From China emerges Mao Zedong,

He the happiness of the people—

Shout hurrah!

He is the savior of the people.

 Chairman Mao loves the people.

He is our helmsman

Charting the course to a new China!

Shout hurrah!  Lead the way!

 The words, as if recalled from an almost imagined age, are often stumbled over.  I dutifully get up and try a song.  Nobody is familiar with my Chinese pop tune, but all clap along until I hit a wrong note and can’t recover.  We all laugh.  I choose someone.

 On the way back home, it all happens again, but this time washed in 140-proof baijiu and up ten decibels.  Out of bitter experience, I decline.  At the back of the bus, as drinks are pounded, they bellow, yi, er, SAN!

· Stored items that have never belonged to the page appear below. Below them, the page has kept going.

text \<open>Q_(n-1) x| K_n: (a,k)(a',k') = (a a', (a'^-1 . k) k'), where for n = 3 the element
  a' in Q_2 acts on K_3 via nabla_1(xi_2 a'); for n >= 4 this is the direct product.\<close>
definition po_sd :: "nat \<Rightarrow> 'q xcx \<Rightarrow> 'k xcx \<Rightarrow> (nat \<Rightarrow> 'q \<Rightarrow> 'k) \<Rightarrow> ('q \<times> 'k) monoid" where
  "po_sd n Q K nab =
     \<lparr> carrier = carrier (xgrp Q (n-1)) \<times> carrier (xgrp K n),
       mult = (\<lambda>(a, k) (a', k').
                 (a \<otimes>\<^bsub>xgrp Q (n-1)\<^esub> a',
                  (if n = 3 then xact K n (nab 1 (xbd Q (n-1) (inv\<^bsub>xgrp Q (n-1)\<^esub> a'))) k else k)
                    \<otimes>\<^bsub>xgrp K n\<^esub> k')),
       one = (\<one>\<^bsub>xgrp Q (n-1)\<^esub>, \<one>\<^bsub>xgrp K n\<^esub>) \<rparr>"

definition po_N :: "nat \<Rightarrow> 'q xcx \<Rightarrow> 'k xcx \<Rightarrow> (nat \<Rightarrow> 'q \<Rightarrow> 'k) \<Rightarrow> ('q \<times> 'k) set" where
  "po_N n Q K nab = (\<lambda>x. (inv\<^bsub>xgrp Q (n-1)\<^esub> (xbd Q n x), nab n x)) ` carrier (xgrp Q n)"

definition po_P :: "nat \<Rightarrow> 'q xcx \<Rightarrow> 'k xcx \<Rightarrow> (nat \<Rightarrow> 'q \<Rightarrow> 'k) \<Rightarrow> ('q \<times> 'k) set monoid" where
  "po_P n Q K nab = po_sd n Q K nab Mod po_N n Q K nab"

definition pushout :: "nat \<Rightarrow> 'q xcx \<Rightarrow> 'k xcx \<Rightarrow> (nat \<Rightarrow> 'q \<Rightarrow> 'k) \<Rightarrow> ('q, 'k) po xcx" where
  "pushout n Q K nab =
    \<lparr> xgrp = (\<lambda>k. if k \<le> n - 2 then lift_monoid PLow lowv (xgrp Q k)
                 else if k = n - 1 then lift_monoid PMid midv (po_P n Q K nab)
                 else lift_monoid PTop topv (xgrp K k)),
      xbd = (\<lambda>k x. if k \<le> n - 2 then PLow (xbd Q k (lowv x))
                   else if k = n - 1 then PLow (xbd Q (n-1) (fst (SOME p. p \<in> midv x)))
                   else PMid (r_coset (po_sd n Q K nab) (po_N n Q K nab)
                                (\<one>\<^bsub>xgrp Q (n-1)\<^esub>, topv x))),
      xact = (\<lambda>k x c. if k \<le> n - 2 then PLow (xact Q k (lowv x) (lowv c))
                      else if k = n - 1 then
                        PMid ((\<lambda>(a, m). (xact Q (n-1) (lowv x) a, xact K n (nab 1 (lowv x)) m)) ` midv c)
                      else PTop (xact K k (nab 1 (lowv x)) (topv c))) \<rparr>"

definition po_rho :: "nat \<Rightarrow> 'q xcx \<Rightarrow> 'k xcx \<Rightarrow> (nat \<Rightarrow> 'q \<Rightarrow> 'k) \<Rightarrow> nat \<Rightarrow> ('q, 'k) po \<Rightarrow> 'k" where
  "po_rho n Q K nab k x =
     (if k \<le> n - 2 then nab k (lowv x)
      else if k = n - 1 then
        (case SOME p. p \<in> midv x of (a, m) \<Rightarrow> nab (n-1) a \<otimes>\<^bsub>xgrp K (n-1)\<^esub> xbd K n m)
      else topv x)"

end

theory Submission
  imports Defs
begin

text \<open>Write \<open>\<rho>\<^sub>1 = \<pi>\<^sub>1 \<circ> \<rho>\<close>. In degrees \<open>\<le> n - 2\<close> it is \<open>p\<close>, on \<open>[a, (b, c)]\<close> it is
  \<open>p(a) \<partial>(b)\<close>, and on \<open>(b, c)\<close> it is \<open>b\<close>; so it is a morphism, and surjective because \<open>p\<close> is.
  Below degree \<open>n - 1\<close> the pushout coincides with \<open>Q\<close> (its boundaries in degree \<open>n - 2\<close> are
  \<open>\<partial>[a, k] = \<xi>(a)\<close>), so \<open>\<rho>\<^sub>1\<close> induces the same maps on \<open>\<pi>\<^sub>k\<close> as \<open>p\<close>. In degree \<open>n - 1\<close> a cycle
  \<open>[a, k]\<close> has \<open>\<xi>(a) = 1\<close> and is homologous to \<open>[a, 1]\<close>, because \<open>[1, k]\<close> is a boundary; if its image
  \<open>p(a) \<partial>(b)\<close> is a boundary, so is \<open>p(a)\<close>, hence \<open>a = \<xi>(x)\<close>, and the relation \<open>(\<xi>(x)\<^sup>-\<^sup>1, \<nabla>(x))\<close>
  moves \<open>[a, k]\<close> into the boundaries. In degree \<open>n\<close>, \<open>(b, c)\<close> is a cycle iff \<open>(1, (b, c))\<close> is a
  relation, i.e. \<open>(b, c) = \<nabla>(x)\<close> with \<open>\<xi>(x) = 1\<close>; so \<open>\<pi>\<^sub>n\<close> of the pushout is \<open>\<pi>\<^sub>n(Q)\<close>, and \<open>\<rho>\<^sub>1\<close> acts
  there as \<open>p\<close>.\<close>

section \<open>Maps induced on quotient groups\<close>

locale quotient_hom = group_hom G H h + N: normal N G + M: normal M H
  for G (structure) and H (structure) and h and N and M +
  assumes image_subset: "h ` N \<subseteq> M"
begin

lemma induced_rcos:
  assumes a: "a \<in> carrier G"
  shows "M #>\<^bsub>H\<^esub> h (SOME x. x \<in> N #> a) = M #>\<^bsub>H\<^esub> h a"
proof -
  have "(SOME x. x \<in> N #> a) \<in> N #> a"
    using G.rcos_self[OF a N.subgroup_axioms] by (rule someI)
  then obtain b where b: "b \<in> N" "(SOME x. x \<in> N #> a) = b \<otimes> a"
    unfolding r_coset_def by auto
  have bG: "b \<in> carrier G" using b(1) N.subset by blast
  have "M #>\<^bsub>H\<^esub> h (b \<otimes> a) = (M #>\<^bsub>H\<^esub> h b) #>\<^bsub>H\<^esub> h a"
    using a bG by (simp add: H.coset_mult_assoc M.subset)
  also have "M #>\<^bsub>H\<^esub> h b = M"
    using b bG image_subset by (intro H.coset_join2) (auto simp: M.subgroup_axioms)
  finally show ?thesis using b(2) by simp
qed

lemma induced_hom: "(\<lambda>A. M #>\<^bsub>H\<^esub> h (SOME a. a \<in> A)) \<in> hom (G Mod N) (H Mod M)"
proof (rule homI)
  fix X assume "X \<in> carrier (G Mod N)"
  then obtain a where "a \<in> carrier G" "X = N #> a" by (auto simp: carrier_FactGroup)
  then show "M #>\<^bsub>H\<^esub> h (SOME a. a \<in> X) \<in> carrier (H Mod M)"
    by (simp add: induced_rcos carrier_FactGroup)
next
  fix X Y assume "X \<in> carrier (G Mod N)" "Y \<in> carrier (G Mod N)"
  then obtain a b where "a \<in> carrier G" "X = N #> a" "b \<in> carrier G" "Y = N #> b"
    by (auto simp: carrier_FactGroup)
  then show "M #>\<^bsub>H\<^esub> h (SOME c. c \<in> X \<otimes>\<^bsub>G Mod N\<^esub> Y) =
      (M #>\<^bsub>H\<^esub> h (SOME a. a \<in> X)) \<otimes>\<^bsub>H Mod M\<^esub> (M #>\<^bsub>H\<^esub> h (SOME b. b \<in> Y))"
    by (simp add: N.rcos_sum M.rcos_sum induced_rcos)
qed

 Bus rides to and from the weekly destinations of our “photography” group always feature this Bus Culture, literally qiche wenhua

 Back at home I have a look at my photos.  I can almost re-experience the transcendent emanation of tranquility that emanated from tianshi or the lake within this cooled volcano.  On my desk now, I have a small bit of pressed ash to help me recall.  I couldn’t help but end up with a snapshots of figures that burst into my path and commenced posing.   I get to thinking about this word, culture.  Of course, few people in my own background would think of referring to bus-ride revelry, however colorful or ritualistic, as culture.   But then culture is like a scent in your own house.  You don’t notice it until someone else, stepping among your darling terriers, holds her nose.  “Experiencing” culture—as opposed to floating along in one’s own—tends to be a ride in a raucous wayward bus of miscommunication, minor mishaps, and discordant expectations.  

 For me, the novelty of living in a foreign place wore off after a year or two.  I felt like a battered tug on the bounding main.   Just the language provided daily confusion, turning simple tasks to hurdles.  The word “ma”, as a single example, can mean to belabor someone, a horse, mother, or spicy, depending on the tone used.  And if a fourth tone precedes a fourth tone, better change the first fourth to a second.  I have been guilty of repeatedly mispronouncing a word, with an increasing sense of frenzy, into the faces of bewildered listeners.  Once, I stalked through a market demanding mifan (cooked rice) when what I wanted was dami (the actual grain). 

 After a while though, the sounds of the storm become more familiar, a voice in the background that one understands that one does not need to understand. It strikes me, after all this time, that I am learning something important: at least for me.  That is, to sing and then laugh, with everyone else, at myself.